Todos los seres vivos necesitamos energía para vivir, para crecer, para sanar las heridas, para multiplicarnos. Y todos desarrollamos estrategias para obtenerla. Pero sólo las plantas verdes y algunas bacterias son capaces de captar la energía del sol y producir materia orgánica para la vida, a partir de la materia inorgánica. Lo hacen a través de la fotosíntesis, como aprendemos desde la escuela primaria.

El resto de los seres vivos, es decir todos los animales, los hongos, los protozoarios unicelulares, la mayoría de las bacterias e incluso los virus, sólo sabemos apropiarnos de las sustancias orgánicas fabricadas, en última instancia, por los vegetales.

Las plantas captan la energía del sol y la utilizan para transformar el agua que obtienen del subsuelo, combinada con el dióxido de carbono que toman del aire, en glucosa. Así construyen una substancia compleja a partir de otras más sencillas, inorgánicas. Nosotros no podemos hacer eso. Nuestros cuerpos sólo pueden tomar la glucosa de los alimentos que ingerimos y degradamos, sean de origen animal o vegetal. No podemos, tampoco, aprovechar la luz solar, salvo para calentar nuestra piel o broncearnos en la playa. Dicho sea de paso, la fotosíntesis libera, como residuo, oxígeno. Si no hubiera fotosíntesis, no habría oxígeno libre en la atmósfera y no sería posible la mayor parte de la vida. La Tierra fue en el pasado así: carecía casi por completo de oxígeno atmosférico, hasta que se extendieron las bacterias que realizan fotosíntesis y luego las plantas verdes. Ese cambio comenzó hace miles de millones de años y se conoce como la Gran Oxidación.

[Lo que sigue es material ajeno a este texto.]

lemma l_connected_delete_if_introduce:
  assumes g: "graph V E" and "l \<ge> 1" and lc: "l_connected l V E"
    and cl: "clique V E T" and iv: "introduce V E T v" and cT: "card T \<ge> l + 1"
  shows "l_connected l (V - {v}) (induced E (V - {v}))"
proof (rule l_connected_inducedI)
  have fin: "finite V" and sym: "\<And>x y. E x y \<Longrightarrow> E y x"
    using g unfolding graph_def by blast+
  have TV: "T \<subseteq> V" "T \<noteq> V" using cl iv unfolding clique_def introduce_def by blast+
  have vT: "v \<in> T" and NT: "\<And>u. E v u \<Longrightarrow> u \<in> T"
    using iv unfolding introduce_def by blast+
  have "card T < card V" using TV fin psubset_card_mono by blast
  moreover have "card (V - {v}) = card V - 1" using vT TV(1) by (simp add: subsetD)
  ultimately show "card (V - {v}) \<ge> l + 1" using cT by linarith
  have simplicial: "\<And>x y. E v x \<Longrightarrow> E v y \<Longrightarrow> x \<noteq> y \<Longrightarrow> E x y"
    using NT cl unfolding clique_def by blast
  fix S assume S: "S \<subseteq> V - {v}" and ne: "V - {v} - S \<noteq> {}"
    and nc: "\<not> connected_graph (V - {v} - S) (induced E (V - {v} - S))"
  have "\<not> connected_graph (insert v (V - {v} - S)) (induced E (insert v (V - {v} - S)))"
    using not_connected_insert_simplicial[of E v, OF sym simplicial _ ne nc] by blast
  moreover have "insert v (V - {v} - S) = V - S" using S vT TV(1) by blast
  ultimately have "vertex_cut V E S" using S unfolding vertex_cut_def by auto
  then show "card S \<ge> l" using lc unfolding l_connected_def by blast
qed (fact \<open>l \<ge> 1\<close>)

Pero volvamos a las plantas. La glucosa que producen es conducida por los vasos internos hasta todas sus células. Cada una de ellas recibe ese delivery de energía solar empaquetada. Se trata de una forma indirecta de hacer llegar a todos los rincones de la planta la energía solar que de otra forma no podría alcanzarlos. Y una vez en las células, ¿qué pasa con la glucosa? Pues ahora hay que desarmarla, para liberar su energía acumulada y que cada célula pueda usarla para vivir. Ese proceso se llama respiración celular, y en muchos sentidos es exactamente el inverso de la fotosíntesis. Aquí las materias primas son la glucosa y el oxígeno que la oxidará, mientras que los productos son el agua y el dióxido de carbono, que volverá al aire. Claro que al respirar, las células se apropian de la energía que se libera. Este pequeño y necesario drama energético tiene lugar en las mitocondrias, en lo profundo de todas las células.

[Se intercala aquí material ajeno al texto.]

(* Let $\alpha:F_N\to\pi_1(\Gamma)$ be a marking, $X=\widetilde\Gamma$, let $K$ be a finite non-degenerate subtree of $X$ with terminal edges $e_1,\dots,e_n$, and let $\mu\in\mathcal S\mathrm{Curr}(F_N)$. Then for every $i=1,\dots,n$, $(K;\mu)_\alpha=\sum_{U\in P_+(q(e_i))}(K\cup U;\mu)_\alpha.$
   Context: $\mathfrak C_N$ is the set of closed subsets of $\partial F_N$ with at least two points (Vietoris topology); $\mathcal S\mathrm{Curr}(F_N)$ is the set of positive $F_N$-invariant Borel measures on $\mathfrak C_N$ finite on compact sets. A marking is an isomorphism $\alpha:F_N\to\pi_1(\Gamma)$ with $\Gamma$ finite connected without degree-one vertices; $X=\widetilde\Gamma$ with $F_N$ acting via $\alpha$, $\partial X=\partial F_N$. A finite non-degenerate subtree $K$ has at least two degree-one vertices; its terminal edges are the oriented edges whose terminal vertices have degree one in $K$. For terminal edges $e_j$, $Cyl_X(e_j)$ is the set of ends of geodesic rays starting with $e_j$, $\mathcal SCyl_\alpha(K)=\{S\in\mathfrak C_N:S\subseteq\bigcup_j Cyl_X(e_j),\ S\cap Cyl_X(e_j)\ne\emptyset\ \forall j\}$, and $(K;\mu)_\alpha=\mu(\mathcal SCyl_\alpha(K))$. For an oriented edge $e$ of $X$, $q(e)$ is the set of oriented edges $e'$ such that $e,e'$ is a reduced edge-path (i.e. $o(e')=t(e)$, $e'\ne e^{-1}$); $P_+(B)$ is the set of nonempty subsets of $B$; $K\cup U$ is the subtree obtained by adding the edges in $U$ to $K$. *)

theory Defs
  imports "HOL-Analysis.Analysis"
begin

definition fin_graph :: "'v set \<Rightarrow> 'e set \<Rightarrow> ('e \<Rightarrow> 'v) \<Rightarrow> ('e \<Rightarrow> 'v) \<Rightarrow> ('e \<Rightarrow> 'e) \<Rightarrow> bool" where
  "fin_graph V E org trm ebar \<longleftrightarrow> finite V \<and> finite E \<and> V \<noteq> {} \<and>
     (\<forall>e\<in>E. org e \<in> V \<and> trm e \<in> V \<and> ebar e \<in> E \<and> ebar (ebar e) = e \<and> ebar e \<noteq> e \<and> org (ebar e) = trm e)"

definition graph_connected :: "'v set \<Rightarrow> 'e set \<Rightarrow> ('e \<Rightarrow> 'v) \<Rightarrow> ('e \<Rightarrow> 'v) \<Rightarrow> bool" where
  "graph_connected V E org trm \<longleftrightarrow> (\<forall>u\<in>V. \<forall>v\<in>V. (u, v) \<in> {(org e, trm e) | e. e \<in> E}\<^sup>*)"

definition no_degree_one :: "'v set \<Rightarrow> 'e set \<Rightarrow> ('e \<Rightarrow> 'v) \<Rightarrow> bool" where
  "no_degree_one V E org \<longleftrightarrow> (\<forall>v\<in>V. card {e \<in> E. org e = v} \<noteq> 1)"

definition red_path :: "'e set \<Rightarrow> ('e \<Rightarrow> 'v) \<Rightarrow> ('e \<Rightarrow> 'v) \<Rightarrow> ('e \<Rightarrow> 'e) \<Rightarrow> 'v \<Rightarrow> 'e list \<Rightarrow> bool" where
  "red_path E org trm ebar v0 p \<longleftrightarrow> set p \<subseteq> E \<and> (p \<noteq> [] \<longrightarrow> org (hd p) = v0) \<and>
     (\<forall>i. Suc i < length p \<longrightarrow> trm (p ! i) = org (p ! Suc i) \<and> p ! Suc i \<noteq> ebar (p ! i))"

definition path_end :: "('e \<Rightarrow> 'v) \<Rightarrow> 'v \<Rightarrow> 'e list \<Rightarrow> 'v" where
  "path_end trm v0 p = (if p = [] then v0 else trm (last p))"

definition pi1 :: "'e set \<Rightarrow> ('e \<Rightarrow> 'v) \<Rightarrow> ('e \<Rightarrow> 'v) \<Rightarrow> ('e \<Rightarrow> 'e) \<Rightarrow> 'v \<Rightarrow> 'e list set" where
  "pi1 E org trm ebar v0 = {g. red_path E org trm ebar v0 g \<and> path_end trm v0 g = v0}"

text \<open>Vertices of X are reduced edge paths from v0; an oriented edge of X is a pair (p, a)
  with p a vertex of X and a an edge of Gamma starting at the endpoint of p.\<close>

definition X_vert :: "'e set \<Rightarrow> ('e \<Rightarrow> 'v) \<Rightarrow> ('e \<Rightarrow> 'v) \<Rightarrow> ('e \<Rightarrow> 'e) \<Rightarrow> 'v \<Rightarrow> 'e list set" where
  "X_vert E org trm ebar v0 = {p. red_path E org trm ebar v0 p}"

definition X_edge :: "'e set \<Rightarrow> ('e \<Rightarrow> 'v) \<Rightarrow> ('e \<Rightarrow> 'v) \<Rightarrow> ('e \<Rightarrow> 'e) \<Rightarrow> 'v \<Rightarrow> ('e list \<times> 'e) set" where
  "X_edge E org trm ebar v0 = {(p, a). red_path E org trm ebar v0 p \<and> a \<in> E \<and> org a = path_end trm v0 p}"

definition X_o :: "('e list \<times> 'e) \<Rightarrow> 'e list" where
  "X_o e = fst e"

definition X_t :: "('e \<Rightarrow> 'e) \<Rightarrow> ('e list \<times> 'e) \<Rightarrow> 'e list" where
  "X_t ebar e = (case e of (p, a) \<Rightarrow> if p \<noteq> [] \<and> a = ebar (last p) then butlast p else p @ [a])"

definition X_inv :: "('e \<Rightarrow> 'e) \<Rightarrow> ('e list \<times> 'e) \<Rightarrow> ('e list \<times> 'e)" where
  "X_inv ebar e = (X_t ebar e, ebar (snd e))"

definition q_edges :: "'e set \<Rightarrow> ('e \<Rightarrow> 'v) \<Rightarrow> ('e \<Rightarrow> 'v) \<Rightarrow> ('e \<Rightarrow> 'e) \<Rightarrow> 'v \<Rightarrow> ('e list \<times> 'e) \<Rightarrow> ('e list \<times> 'e) set" where
  "q_edges E org trm ebar v0 e = {e' \<in> X_edge E org trm ebar v0. X_o e' = X_t ebar e \<and> e' \<noteq> X_inv ebar e}"

text \<open>Points of the boundary are represented by the (unique) geodesic rays from the base vertex
  (the empty path), i.e. infinite reduced edge paths in Gamma from v0.\<close>

definition rays :: "'e set \<Rightarrow> ('e \<Rightarrow> 'v) \<Rightarrow> ('e \<Rightarrow> 'v) \<Rightarrow> ('e \<Rightarrow> 'e) \<Rightarrow> 'v \<Rightarrow> (nat \<Rightarrow> 'e) set" where
  "rays E org trm ebar v0 = {r. (\<forall>i. r i \<in> E) \<and> org (r 0) = v0 \<and>
      (\<forall>i. trm (r i) = org (r (Suc i)) \<and> r (Suc i) \<noteq> ebar (r i))}"

definition bdry_top :: "'e set \<Rightarrow> ('e \<Rightarrow> 'v) \<Rightarrow> ('e \<Rightarrow> 'v) \<Rightarrow> ('e \<Rightarrow> 'e) \<Rightarrow> 'v \<Rightarrow> (nat \<Rightarrow> 'e) topology" where
  "bdry_top E org trm ebar v0 = subtopology (product_topology (\<lambda>_. discrete_topology E) UNIV) (rays E org trm ebar v0)"

definition is_prefix :: "'e list \<Rightarrow> (nat \<Rightarrow> 'e) \<Rightarrow> bool" where
  "is_prefix p r \<longleftrightarrow> (\<forall>i < length p. r i = p ! i)"

text \<open>If e points
  towards the root (a reverses the last edge of p), these are the ends whose root ray does not
  pass through p; otherwise they are the ends whose root ray passes through p and then a.\<close>

definition Cyl :: "('e \<Rightarrow> 'e) \<Rightarrow> (nat \<Rightarrow> 'e) set \<Rightarrow> ('e list \<times> 'e) \<Rightarrow> (nat \<Rightarrow> 'e) set" where
  "Cyl ebar R e = (case e of (p, a) \<Rightarrow>
     if p \<noteq> [] \<and> a = ebar (last p) then {r \<in> R. \<not> is_prefix p r}
     else {r \<in> R. is_prefix p r \<and> r (length p) = a})"

text \<open>Action of pi_1(Gamma, v0) on the boundary: concatenate and reduce.\<close>

definition cancel_len :: "('e \<Rightarrow> 'e) \<Rightarrow> 'e list \<Rightarrow> (nat \<Rightarrow> 'e) \<Rightarrow> nat" where
  "cancel_len ebar g r = (GREATEST k. k \<le> length g \<and> (\<forall>i<k. g ! (length g - 1 - i) = ebar (r i)))"

definition bdry_act :: "('e \<Rightarrow> 'e) \<Rightarrow> 'e list \<Rightarrow> (nat \<Rightarrow> 'e) \<Rightarrow> (nat \<Rightarrow> 'e)" where
  "bdry_act ebar g r = (let k = cancel_len ebar g r; m = length g - k in
      (\<lambda>i. if i < m then g ! i else r (i - m + k)))"

definition CN :: "(nat \<Rightarrow> 'e) topology \<Rightarrow> (nat \<Rightarrow> 'e) set set" where
  "CN T = {S. closedin T S \<and> (\<exists>x y. x \<in> S \<and> y \<in> S \<and> x \<noteq> y)}"

definition vietoris :: "'a topology \<Rightarrow> 'a set set \<Rightarrow> 'a set topology" where
  "vietoris T C = topology_generated_by
     ({{S \<in> C. S \<subseteq> U} | U. openin T U} \<union> {{S \<in> C. S \<inter> U \<noteq> {}} | U. openin T U})"

definition borel_of :: "'a topology \<Rightarrow> 'a measure" where
  "borel_of T = sigma (topspace T) {U. openin T U}"

text \<open>Subset currents (transported along the marking to pi_1(Gamma, v0)): positive Borel measures
  on C_N (Vietoris topology), invariant under the group action, finite on compact sets.\<close>

definition subset_current ::
  "'e set \<Rightarrow> ('e \<Rightarrow> 'v) \<Rightarrow> ('e \<Rightarrow> 'v) \<Rightarrow> ('e \<Rightarrow> 'e) \<Rightarrow> 'v \<Rightarrow> (nat \<Rightarrow> 'e) set measure \<Rightarrow> bool" where
  "subset_current E org trm ebar v0 M \<longleftrightarrow>
     (let T = bdry_top E org trm ebar v0; C = CN T; VT = vietoris T C in
       sets M = sets (borel_of VT) \<and> space M = topspace VT \<and>
       (\<forall>g \<in> pi1 E org trm ebar v0. \<forall>A \<in> sets M.
           emeasure M ((\<lambda>S. bdry_act ebar g ` S) ` A) = emeasure M A) \<and>
       (\<forall>K. compactin VT K \<longrightarrow> emeasure M K < \<infinity>))"

text \<open>A finite subtree is given by its (finite, nonempty, inversion-closed, connected) set of
  oriented edges of X.\<close>

definition sub_verts :: "('e \<Rightarrow> 'e) \<Rightarrow> ('e list \<times> 'e) set \<Rightarrow> 'e list set" where
  "sub_verts ebar K = X_o ` K"

definition finite_subtree ::
  "'e set \<Rightarrow> ('e \<Rightarrow> 'v) \<Rightarrow> ('e \<Rightarrow> 'v) \<Rightarrow> ('e \<Rightarrow> 'e) \<Rightarrow> 'v \<Rightarrow> ('e list \<times> 'e) set \<Rightarrow> bool" where
  "finite_subtree E org trm ebar v0 K \<longleftrightarrow> finite K \<and> K \<noteq> {} \<and> K \<subseteq> X_edge E org trm ebar v0 \<and>
     (\<forall>e\<in>K. X_inv ebar e \<in> K) \<and>
     (\<forall>u \<in> sub_verts ebar K. \<forall>v \<in> sub_verts ebar K. (u, v) \<in> {(X_o e, X_t ebar e) | e. e \<in> K}\<^sup>*)"

definition sub_deg :: "('e list \<times> 'e) set \<Rightarrow> 'e list \<Rightarrow> nat" where
  "sub_deg K v = card {e \<in> K. X_o e = v}"

definition non_degenerate :: "('e \<Rightarrow> 'e) \<Rightarrow> ('e list \<times> 'e) set \<Rightarrow> bool" where
  "non_degenerate ebar K \<longleftrightarrow> card {v \<in> sub_verts ebar K. sub_deg K v = 1} \<ge> 2"

definition terminal_edges :: "('e \<Rightarrow> 'e) \<Rightarrow> ('e list \<times> 'e) set \<Rightarrow> ('e list \<times> 'e) set" where
  "terminal_edges ebar K = {e \<in> K. sub_deg K (X_t ebar e) = 1}"

text \<open>K \<union> U: the subtree obtained by adding the (geometric) edges of U.\<close>

definition add_edges :: "('e \<Rightarrow> 'e) \<Rightarrow> ('e list \<times> 'e) set \<Rightarrow> ('e list \<times> 'e) set \<Rightarrow> ('e list \<times> 'e) set" where
  "add_edges ebar K U = K \<union> U \<union> X_inv ebar ` U"

definition SCyl :: "'e set \<Rightarrow> ('e \<Rightarrow> 'v) \<Rightarrow> ('e \<Rightarrow> 'v) \<Rightarrow> ('e \<Rightarrow> 'e) \<Rightarrow> 'v \<Rightarrow> ('e list \<times> 'e) set \<Rightarrow> (nat \<Rightarrow> 'e) set set" where
  "SCyl E org trm ebar v0 K = {S \<in> CN (bdry_top E org trm ebar v0).
      S \<subseteq> (\<Union>e \<in> terminal_edges ebar K. Cyl ebar (rays E org trm ebar v0) e) \<and>
      (\<forall>e \<in> terminal_edges ebar K. S \<inter> Cyl ebar (rays E org trm ebar v0) e \<noteq> {})}"

end

theory Submission
  imports Defs "HOL-Library.Sublist"
begin

text \<open>Every end of X beyond the terminal edge e_i lies beyond exactly one edge of q(e_i), and the
  cylinders of distinct terminal edges of K are disjoint. Hence every S in SCyl(K) lies in
  SCyl(K \<union> U) for exactly one U, namely the set of edges of q(e_i) whose cylinders S meets:
  the terminal edges of K \<union> U are those of K with e_i replaced by the edges of U. So SCyl(K) is
  a finite disjoint union of the sets SCyl(K \<union> U), which are open in the Vietoris topology, and
  the identity is finite additivity of \<mu>.\<close>

definition toward_base :: "('e \<Rightarrow> 'e) \<Rightarrow> 'e list \<times> 'e \<Rightarrow> bool" where
  "toward_base ebar e \<longleftrightarrow> fst e \<noteq> [] \<and> snd e = ebar (last (fst e))"

definition far_vertex :: "('e \<Rightarrow> 'e) \<Rightarrow> 'e list \<times> 'e \<Rightarrow> 'e list" where
  "far_vertex ebar e = (if toward_base ebar e then fst e else fst e @ [snd e])"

Efectivamente, todas las células, animales y vegetales, obtienen energía de la respiración. Esa parte del ciclo sí somos capaces de llevarla a cabo, quienes no realizamos fotosíntesis. En definitiva somos, todos los animales, consumidores de productos valiosos, necesarios para la vida. Pero esas preciosas substancias solamente son generadas por las plantas, durante la fotosíntesis. Ciertamente las producen para utilizarlas ellas mismas. El resto de nosotros, sencillamente, nos apropiamos de esas substancias por la fuerza. Los herbívoros, con un mínimo de violencia, ejercida sobre las proletarias plantas. Los carnívoros, con mucha más. Quizás pueda disculparlos el hecho de que roban a ladrones. Por último, los descomponedores, como los hongos, se apropian de la materia orgánica de criaturas ya muertas, y la reciclan.

Somos pues, usurpadores de plantas.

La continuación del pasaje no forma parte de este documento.